How to reproduce it:

set --retry-interval-max=1h and CreateVolume returns error continuously.

Anything else we need to know?:

Environment:

Driver version: csi-provisioner:v2.2.2
Kubernetes version (use kubectl version): OCP 4.8
OS (e.g. from /etc/os-release): CoreOS

v2.2 is out of support now. Can you upgrade to a newer version and see if it's reproducible?
/triage needs-more-information

@msau42: The label(s) triage/needs-more-information cannot be applied, because the repository doesn't have them.

In response to this:

v2.2 is out of support now. Can you upgrade to a newer version and see if it's reproducible?
/triage needs-more-information

Instructions for interacting with me using PR comments are available here. If you have questions or suggestions related to my behavior, please file an issue against the kubernetes/test-infra repository.

I checked this issue in v3.4.0 and master branch. I found that the problem is caused by Informer Resync mechanism.

The ProvisionController register an event handler ResourceEventHandlerFuncs to handle the Sync event. When Sync event was distributed, the function UpdateFunc of the handler will be called, then enqueue PVC to claimQueue.

external-provisioner/vendor/sigs.k8s.io/sig-storage-lib-external-provisioner/v8/controller/controller.go

Lines 673 to 692 in 831b9c5

    
           informer := informers.NewSharedInformerFactory(client, controller.resyncPeriod) 
        
           // ---------------------- 
        
           // PersistentVolumeClaims 
        
           claimHandler := cache.ResourceEventHandlerFuncs{ 
        
           	AddFunc:    func(obj interface{}) { controller.enqueueClaim(obj) }, 
        
           	UpdateFunc: func(oldObj, newObj interface{}) { controller.enqueueClaim(newObj) }, 
        
           	DeleteFunc: func(obj interface{}) { 
        
           		// NOOP. The claim is either in claimsInProgress and in the queue, so it will be processed as usual 
        
           		// or it's not in claimsInProgress and then we don't care 
        
           	}, 
        
           } 
        
           if controller.claimInformer != nil { 
        
           	controller.claimInformer.AddEventHandlerWithResyncPeriod(claimHandler, controller.resyncPeriod) 
        
           } else { 
        
           	controller.claimInformer = informer.Core().V1().PersistentVolumeClaims().Informer() 
        
           	controller.claimInformer.AddEventHandler(claimHandler) 
        
           }

controller.enqueueClaim() function adds the PVC to claimQueue processing queue directly, so that the item does not follow the exponential ratelimit(call AddRateLimited() followed, Add() not).

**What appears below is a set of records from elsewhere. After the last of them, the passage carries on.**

(* Let $N$ be a finite set with $|N|\ge 2$ and let $\mathcal{D}\subseteq\mathrm{DAG}(N)$ be a facet of $P_N$ which does not contain the empty graph. Then $\mathcal{D}$ is closed under super-graphs: if $G\in\mathcal{D}$ is a subgraph of $H\in\mathrm{DAG}(N)$, then $H\in\mathcal{D}$. Moreover, for every $(a|B)\in\Upsilon$ there exists $G\in\mathcal{D}$ with $\mathrm{pa}_G(a)=B$.
   Context: $\mathrm{DAG}(N)$ is the set of acyclic directed graphs over $N$; $\mathrm{pa}_G(a)$ is the parent set of $a$ in $G$; the empty graph has no arrows. $\Upsilon=\{(a|B): a\in N,\ \emptyset\neq B\subseteq N\setminus\{a\}\}$; $\eta_G\in\mathbb{R}^{\Upsilon}$ has $\eta_G(a|B)=1$ if $B=\mathrm{pa}_G(a)$, else $0$; $P_N=\mathrm{conv}\{\eta_G:G\in\mathrm{DAG}(N)\}$. A set $\mathcal{D}\subseteq\mathrm{DAG}(N)$ is called a facet of $P_N$ if $\mathrm{conv}\{\eta_G:G\in\mathcal{D}\}$ is a facet of $P_N$. *)

theory Defs
  imports "HOL-Analysis.Analysis"
begin

text \<open>The ground set N is the universe of a finite type 'n.
  A directed graph over N is its set of arrows (b,a) meaning b -> a.\<close>

definition DAG :: "('n::finite \<times> 'n) set set" where
  "DAG = {E. acyclic E}"

definition pa :: "('n \<times> 'n) set \<Rightarrow> 'n \<Rightarrow> 'n set" where
  "pa G a = {b. (b, a) \<in> G}"

definition Upsilon :: "('n \<times> 'n set) set" where
  "Upsilon = {(a, B). B \<noteq> {} \<and> a \<notin> B}"

text \<open>eta G lives in real^('n \<times> 'n set); coordinates outside Upsilon are always 0,
  so this is an affine-isomorphic copy of R^Upsilon.\<close>

definition eta :: "('n::finite \<times> 'n) set \<Rightarrow> real ^ ('n \<times> 'n set)" where
  "eta G = (\<chi> i. if i \<in> Upsilon \<and> snd i = pa G (fst i) then 1 else 0)"

definition P_N :: "(real ^ ('n::finite \<times> 'n set)) set" where
  "P_N = convex hull (eta ` DAG)"

definition is_facet :: "'a::euclidean_space set \<Rightarrow> 'a set \<Rightarrow> bool" where
  "is_facet F P \<longleftrightarrow> F face_of P \<and> aff_dim F = aff_dim P - 1"

end

theory Submission
  imports Defs
begin

text \<open>A linear functional a evaluated at eta G splits into a sum of local scores, one
  per node, each depending only on the parent set of that node. If the facet is cut out
  by a \<bullet> x = b, all graphs of D maximise this score over DAG(N). The facet cannot avoid
  any coordinate (a|B): otherwise it would lie in the proper face x(a|B) = 0, which by
  maximality it would equal, and that face contains the empty graph. Hence every parent
  set C of a node is realised by some G \<in> D, and shrinking it to B \<subseteq> C in G keeps a DAG,
  so the local score is monotone in the parent set. Summing over the nodes, every
  supergraph H of G \<in> D also maximises the score, so eta H lies on the facet; as a 0/1
  point of the unit cube it is a vertex of the facet, whence H \<in> D.\<close>

definition local_score :: "real ^ ('n::finite \<times> 'n set) \<Rightarrow> 'n \<Rightarrow> 'n set \<Rightarrow> real" where
  "local_score a v B = (if (v, B) \<in> Upsilon then a $ (v, B) else 0)"

lemma inner_eta_eq_sum_local_score:
  "a \<bullet> eta G = (\<Sum>w\<in>UNIV. local_score a w (pa G w))"
proof -
  let ?f = "\<lambda>i. if i \<in> Upsilon \<and> snd i = pa G (fst i) then a $ i else 0"
  have "a \<bullet> eta G = (\<Sum>i\<in>UNIV \<times> UNIV. ?f i)"
    unfolding inner_vec_def eta_def by (intro sum.cong) auto
  also have "\<dots> = (\<Sum>w\<in>UNIV. \<Sum>S\<in>UNIV. ?f (w, S))"
    by (simp only: sum.cartesian_product case_prod_unfold prod.collapse)
  also have "\<dots> = (\<Sum>w\<in>UNIV. \<Sum>S\<in>UNIV. if S = pa G w then local_score a w S else 0)"
    by (intro sum.cong) (auto simp: local_score_def)
  finally show ?thesis
    by simp
qed

definition set_parents :: "('n \<times> 'n) set \<Rightarrow> 'n \<Rightarrow> 'n set \<Rightarrow> ('n \<times> 'n) set" where
  "set_parents G v B = {e \<in> G. snd e \<noteq> v} \<union> (\<lambda>x. (x, v)) ` B"

lemma pa_set_parents: "pa (set_parents G v B) w = (if w = v then B else pa G w)"
  by (auto simp: set_parents_def pa_def)

lemma set_parents_subset: "B \<subseteq> pa G v \<Longrightarrow> set_parents G v B \<subseteq> G"
  by (auto simp: set_parents_def pa_def)

lemma inner_eta_set_parents:
  "a \<bullet> eta (set_parents G v B) = a \<bullet> eta G - local_score a v (pa G v) + local_score a v B"
proof -
  have "a \<bullet> eta K = local_score a v (pa K v) + (\<Sum>w\<in>UNIV - {v}. local_score a w (pa K w))"
    for K
    by (simp add: inner_eta_eq_sum_local_score sum.remove[of UNIV v])
  from this[of "set_parents G v B"] this[of G] show ?thesis
    by (simp add: pa_set_parents)
qed

lemma not_mem_pa_if_acyclic: "acyclic G \<Longrightarrow> w \<notin> pa G w"
  by (auto simp: pa_def acyclic_def)

lemma acyclic_star: "v \<notin> B \<Longrightarrow> acyclic ((\<lambda>x. (x, v)) ` B)"
proof -
  assume "v \<notin> B"
  then have "trans ((\<lambda>x. (x, v)) ` B)"
    by (auto intro: transI)
  then show ?thesis
    using \<open>v \<notin> B\<close> by (auto simp: acyclic_def)
qed

lemma empty_in_DAG: "{} \<in> DAG"
  by (simp add: DAG_def acyclic_def)

lemma eta_inj_on_DAG: "inj_on eta DAG"
proof (rule inj_onI)
  fix G H :: "('n::finite \<times> 'n) set"
  assume "G \<in> DAG" "H \<in> DAG" and eq: "eta G = eta H"
  have "pa G w = pa H w" for w
  proof (rule ccontr)
    assume ne: "pa G w \<noteq> pa H w"
    have "w \<notin> pa G w" "w \<notin> pa H w"
      using \<open>G \<in> DAG\<close> \<open>H \<in> DAG\<close> by (simp_all add: DAG_def not_mem_pa_if_acyclic)
    then obtain K where "pa K w \<noteq> {}" "w \<notin> pa K w" "K = G \<or> K = H"
      using ne by metis
    then have "(w, pa K w) \<in> Upsilon"
      by (simp add: Upsilon_def)
    then have "eta G $ (w, pa K w) \<noteq> eta H $ (w, pa K w)"
      using ne \<open>K = G \<or> K = H\<close> by (auto simp: eta_def)
    then show False
      using eq by simp
  qed
  then show "G = H"
    unfolding pa_def by auto
qed

lemma convex_combination_01_eq:
  fixes u p q :: real
  assumes "0 < u" "u < 1" "0 \<le> p" "p \<le> 1" "0 \<le> q" "q \<le> 1"
    and "(1 - u) * p + u * q \<in> {0, 1}"
  shows "p = q"
proof -
  have nonneg: "(1 - u) * p \<ge> 0" "u * q \<ge> 0" "(1 - u) * (1 - p) \<ge> 0" "u * (1 - q) \<ge> 0"
    using assms by auto
  have "(1 - u) * (1 - p) + u * (1 - q) = 1 - ((1 - u) * p + u * q)"
    by (simp add: algebra_simps)
  with assms(7) consider "(1 - u) * p + u * q = 0" | "(1 - u) * (1 - p) + u * (1 - q) = 0"
    by auto
  then show ?thesis
  proof cases
    case 1
    then have "(1 - u) * p = 0" "u * q = 0"
      using nonneg by linarith+
    then show ?thesis
      using assms(1,2) by simp
  next
    case 2
    then have "(1 - u) * (1 - p) = 0" "u * (1 - q) = 0"
      using nonneg by linarith+
    then show ?thesis
      using assms(1,2) by simp
  qed
qed

lemma extreme_point_of_unit_cube_subset:
  fixes x :: "real ^ 'i"
  assumes "x \<in> S" "S \<subseteq> cbox 0 1" "\<And>i. x $ i \<in> {0, 1}"
  shows "x extreme_point_of S"
  unfolding extreme_point_of_def
proof (intro conjI ballI assms(1))
  fix p q
  assume "p \<in> S" "q \<in> S"
  then have cube: "0 \<le> p $ i" "p $ i \<le> 1" "0 \<le> q $ i" "q $ i \<le> 1" for i
    using assms(2) by (auto simp: mem_box_cart)
  show "x \<notin> open_segment p q"
  proof
    assume "x \<in> open_segment p q"
    then obtain u where "p \<noteq> q" "0 < u" "u < 1" "x = (1 - u) *\<^sub>R p + u *\<^sub>R q"
      by (auto simp: in_segment)
    moreover have "p $ i = q $ i" for i
      using convex_combination_01_eq[OF \<open>0 < u\<close> \<open>u < 1\<close> cube] assms(3)[of i] \<open>x = _\<close>
      by simp
    ultimately show False
      by (simp add: vec_eq_iff)
  qed
qed

lemma eta_in_unit_cube: "eta G \<in> cbox 0 1"
  by (simp add: mem_box_cart eta_def)

lemma convex_hull_eta_subset_unit_cube: "convex hull (eta ` S) \<subseteq> cbox 0 1"
  by (rule hull_minimal) (auto simp: eta_in_unit_cube)

lemma mem_of_eta_in_convex_hull:
  assumes "H \<in> DAG" "D \<subseteq> DAG" "eta H \<in> convex hull (eta ` D)"
  shows "H \<in> D"
proof -
  have "eta H extreme_point_of (convex hull (eta ` D))"
    by (rule extreme_point_of_unit_cube_subset[OF assms(3) convex_hull_eta_subset_unit_cube])
      (simp add: eta_def)
  then have "eta H \<in> eta ` D"
    by (rule extreme_point_of_convex_hull)
  then show ?thesis
    using eta_inj_on_DAG assms(1,2) by (auto dest: inj_onD)
qed

lemma facet_eq_proper_face_superset:
  fixes P :: "'a::euclidean_space set"
  assumes "convex P" "is_facet F P" "T face_of P" "T \<noteq> P" "F \<subseteq> T"
  shows "F = T"
proof (rule ccontr)
  assume "F \<noteq> T"
  have "convex T"
    using assms(3) face_of_imp_convex by blast
  moreover have "F face_of T"
    using assms(2,3,5) face_of_subset face_of_imp_subset unfolding is_facet_def by blast
  ultimately have "aff_dim F < aff_dim T"
    using \<open>F \<noteq> T\<close> face_of_aff_dim_lt by blast
  moreover have "aff_dim T < aff_dim P"
    using face_of_aff_dim_lt assms(1,3,4) by blast
  ultimately show False
    using assms(2) unfolding is_facet_def by linarith
qed

lemma face_of_coordinate_zero:
  fixes P :: "(real ^ 'i) set"
  assumes "convex P" "P \<subseteq> cbox 0 1"
  shows "(P \<inter> {x. x $ i = 0}) face_of P"
proof -
  have "P \<inter> {x. axis i (-1) \<bullet> x = 0} face_of P"
    using assms by (intro face_of_Int_supporting_hyperplane_le)
      (auto simp: inner_axis' mem_box_cart)
  then show ?thesis
    by (simp add: inner_axis')
qed

lemma convex_P_N: "convex P_N"
  by (simp add: P_N_def)

lemma eta_in_P_N: "G \<in> DAG \<Longrightarrow> eta G \<in> P_N"
  unfolding P_N_def by (rule hull_inc) simp

lemma P_N_subset_unit_cube: "P_N \<subseteq> cbox 0 1"
  unfolding P_N_def by (rule convex_hull_eta_subset_unit_cube)

lemma facet_realises_parent_set:
  assumes "D \<subseteq> DAG" "is_facet (convex hull (eta ` D)) P_N" "{} \<notin> D"
    and "(v, B) \<in> Upsilon"
  shows "\<exists>G\<in>D. pa G v = B"
proof (rule ccontr)
  assume not_realised: "\<not> (\<exists>G\<in>D. pa G v = B)"
  define T where "T = P_N \<inter> {x. x $ (v, B) = 0}"
  have "T face_of P_N"
    unfolding T_def by (intro face_of_coordinate_zero convex_P_N P_N_subset_unit_cube)
  moreover have "T \<noteq> P_N"
  proof -
    have "v \<notin> B"
      using assms(4) by (simp add: Upsilon_def)
    then have "(\<lambda>x. (x, v)) ` B \<in> DAG"
      by (simp add: DAG_def acyclic_star)
    moreover have "eta ((\<lambda>x. (x, v)) ` B) \<notin> T"
      using assms(4) by (auto simp: T_def eta_def pa_def)
    ultimately show ?thesis
      using eta_in_P_N by blast
  qed
  moreover have "convex hull (eta ` D) \<subseteq> T"
  proof (rule hull_minimal)
    have "eta G $ (v, B) = 0" if "G \<in> D" for G
      using not_realised that by (auto simp: eta_def)
    then show "eta ` D \<subseteq> T"
      using assms(1) eta_in_P_N by (auto simp: T_def)
    show "convex T"
      unfolding T_def by (intro convex_Int convex_P_N) (simp add: convex_def)
  qed
  ultimately have "convex hull (eta ` D) = T"
    by (rule facet_eq_proper_face_superset[OF convex_P_N assms(2)])
  moreover have "eta {} \<in> T"
  proof -
    have "eta {} $ (v, B) = 0"
      using assms(4) by (auto simp: eta_def pa_def Upsilon_def)
    then show ?thesis
      using eta_in_P_N[OF empty_in_DAG] by (simp add: T_def)
  qed
  ultimately show False
    using mem_of_eta_in_convex_hull[OF empty_in_DAG assms(1)] assms(3) by simp
qed

lemma local_score_mono:
  assumes "D \<subseteq> DAG" and realised: "\<And>v C. (v, C) \<in> Upsilon \<Longrightarrow> \<exists>G\<in>D. pa G v = C"
    and valid: "\<And>G. G \<in> DAG \<Longrightarrow> a \<bullet> eta G \<le> b"
    and optimal: "\<And>G. G \<in> D \<Longrightarrow> a \<bullet> eta G = b"
    and "B \<subseteq> C" "v \<notin> C"
  shows "local_score a v B \<le> local_score a v C"
proof (cases "C = {}")
  case True
  then show ?thesis
    using \<open>B \<subseteq> C\<close> by simp
next
  case False
  then obtain G where G: "G \<in> D" "pa G v = C"
    using realised \<open>v \<notin> C\<close> by (auto simp: Upsilon_def)
  have "set_parents G v B \<subseteq> G"
    using G(2) \<open>B \<subseteq> C\<close> by (simp add: set_parents_subset)
  moreover have "acyclic G"
    using assms(1) G(1) by (auto simp: DAG_def)
  ultimately have "set_parents G v B \<in> DAG"
    by (simp add: DAG_def acyclic_subset)
  then have "a \<bullet> eta (set_parents G v B) \<le> a \<bullet> eta G"
    using valid optimal G(1) by simp
  then show ?thesis
    by (simp add: inner_eta_set_parents G(2))
qed

lemma facet_closed_under_supergraphs:
  assumes "D \<subseteq> DAG" "is_facet (convex hull (eta ` D)) P_N" "{} \<notin> D"
    and "G \<in> D" "H \<in> DAG" "G \<subseteq> H"
  shows "H \<in> D"
proof -
  have "polyhedron P_N"
    unfolding P_N_def by (intro polytope_imp_polyhedron polytope_convex_hull) simp
  then have "convex hull (eta ` D) exposed_face_of P_N"
    using assms(2) exposed_face_of_polyhedron unfolding is_facet_def by blast
  then obtain a b where valid: "P_N \<subseteq> {x. a \<bullet> x \<le> b}"
    and facet: "convex hull (eta ` D) = P_N \<inter> {x. a \<bullet> x = b}"
    unfolding exposed_face_of_def by blast
  have optimal: "a \<bullet> eta K = b" if "K \<in> D" for K
    using that facet hull_inc[of "eta K" "eta ` D"] by auto
  have "local_score a w (pa G w) \<le> local_score a w (pa H w)" for w
  proof (rule local_score_mono[OF assms(1) _ _ optimal])
    show "\<exists>K\<in>D. pa K v = C" if "(v, C) \<in> Upsilon" for v C
      using facet_realises_parent_set[OF assms(1-3) that] .
    show "a \<bullet> eta K \<le> b" if "K \<in> DAG" for K
      using valid eta_in_P_N[OF that] by auto
    show "pa G w \<subseteq> pa H w"
      using assms(6) by (auto simp: pa_def)
    show "w \<notin> pa H w"
      using assms(5) by (simp add: DAG_def not_mem_pa_if_acyclic)
  qed
  then have "a \<bullet> eta G \<le> a \<bullet> eta H"
    unfolding inner_eta_eq_sum_local_score by (rule sum_mono)
  moreover have "a \<bullet> eta H \<le> b" "eta H \<in> P_N"
    using valid eta_in_P_N[OF assms(5)] by auto
  ultimately have "eta H \<in> convex hull (eta ` D)"
    using optimal[OF assms(4)] facet by simp
  then show ?thesis
    using mem_of_eta_in_convex_hull assms(1,5) by blast
qed

theorem corollary2:
  fixes D :: "('n::finite \<times> 'n) set set"
  assumes "CARD('n) \<ge> 2"
    and "D \<subseteq> DAG"
    and "is_facet (convex hull (eta ` D)) (P_N :: (real ^ ('n \<times> 'n set)) set)"
    and "{} \<notin> D"
  shows "(\<forall>G\<in>D. \<forall>H\<in>DAG. G \<subseteq> H \<longrightarrow> H \<in> D)
    \<and> (\<forall>(a, B)\<in>(Upsilon :: ('n \<times> 'n set) set). \<exists>G\<in>D. pa G a = B)"
proof (intro conjI ballI impI)
  show "H \<in> D" if "G \<in> D" "H \<in> DAG" "G \<subseteq> H" for G H
    using facet_closed_under_supergraphs[OF assms(2-4) that] .
  show "case aB of (a, B) \<Rightarrow> \<exists>G\<in>D. pa G a = B" if "aB \<in> Upsilon" for aB
    using facet_realises_parent_set[OF assms(2-4)] that by (cases aB) simp
qed

end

In the end, PVC dequeued in function ProvisionController.processNextClaimWorkItem() is used to do provision operation(call CreateVolume).

I wrote a nested exponential ratelimiter in CSI plugin. Is there better trick to deal with case like that?

The Kubernetes project currently lacks enough contributors to adequately respond to all issues.

This bot triages un-triaged issues according to the following rules:

After 90d of inactivity, lifecycle/stale is applied
After 30d of inactivity since lifecycle/stale was applied, lifecycle/rotten is applied
After 30d of inactivity since lifecycle/rotten was applied, the issue is closed

You can:

Mark this issue as fresh with /remove-lifecycle stale
Close this issue with /close
Offer to help out with Issue Triage

Please send feedback to sig-contributor-experience at kubernetes/community.

/lifecycle stale

The Kubernetes project currently lacks enough active contributors to adequately respond to all issues.

This bot triages un-triaged issues according to the following rules:

After 90d of inactivity, lifecycle/stale is applied
After 30d of inactivity since lifecycle/stale was applied, lifecycle/rotten is applied
After 30d of inactivity since lifecycle/rotten was applied, the issue is closed

You can:

Mark this issue as fresh with /remove-lifecycle rotten
Close this issue with /close
Offer to help out with Issue Triage

Please send feedback to sig-contributor-experience at kubernetes/community.

/lifecycle rotten

/remove-lifecycle rotten

The Kubernetes project currently lacks enough contributors to adequately respond to all issues.

This bot triages un-triaged issues according to the following rules:

After 90d of inactivity, lifecycle/stale is applied
After 30d of inactivity since lifecycle/stale was applied, lifecycle/rotten is applied
After 30d of inactivity since lifecycle/rotten was applied, the issue is closed

You can:

Mark this issue as fresh with /remove-lifecycle stale
Close this issue with /close
Offer to help out with Issue Triage

Please send feedback to sig-contributor-experience at kubernetes/community.

/lifecycle stale

The Kubernetes project currently lacks enough active contributors to adequately respond to all issues.

This bot triages un-triaged issues according to the following rules:

After 90d of inactivity, lifecycle/stale is applied
After 30d of inactivity since lifecycle/stale was applied, lifecycle/rotten is applied
After 30d of inactivity since lifecycle/rotten was applied, the issue is closed

You can:

Mark this issue as fresh with /remove-lifecycle rotten
Close this issue with /close
Offer to help out with Issue Triage

Please send feedback to sig-contributor-experience at kubernetes/community.

/lifecycle rotten

The Kubernetes project currently lacks enough active contributors to adequately respond to all issues and PRs.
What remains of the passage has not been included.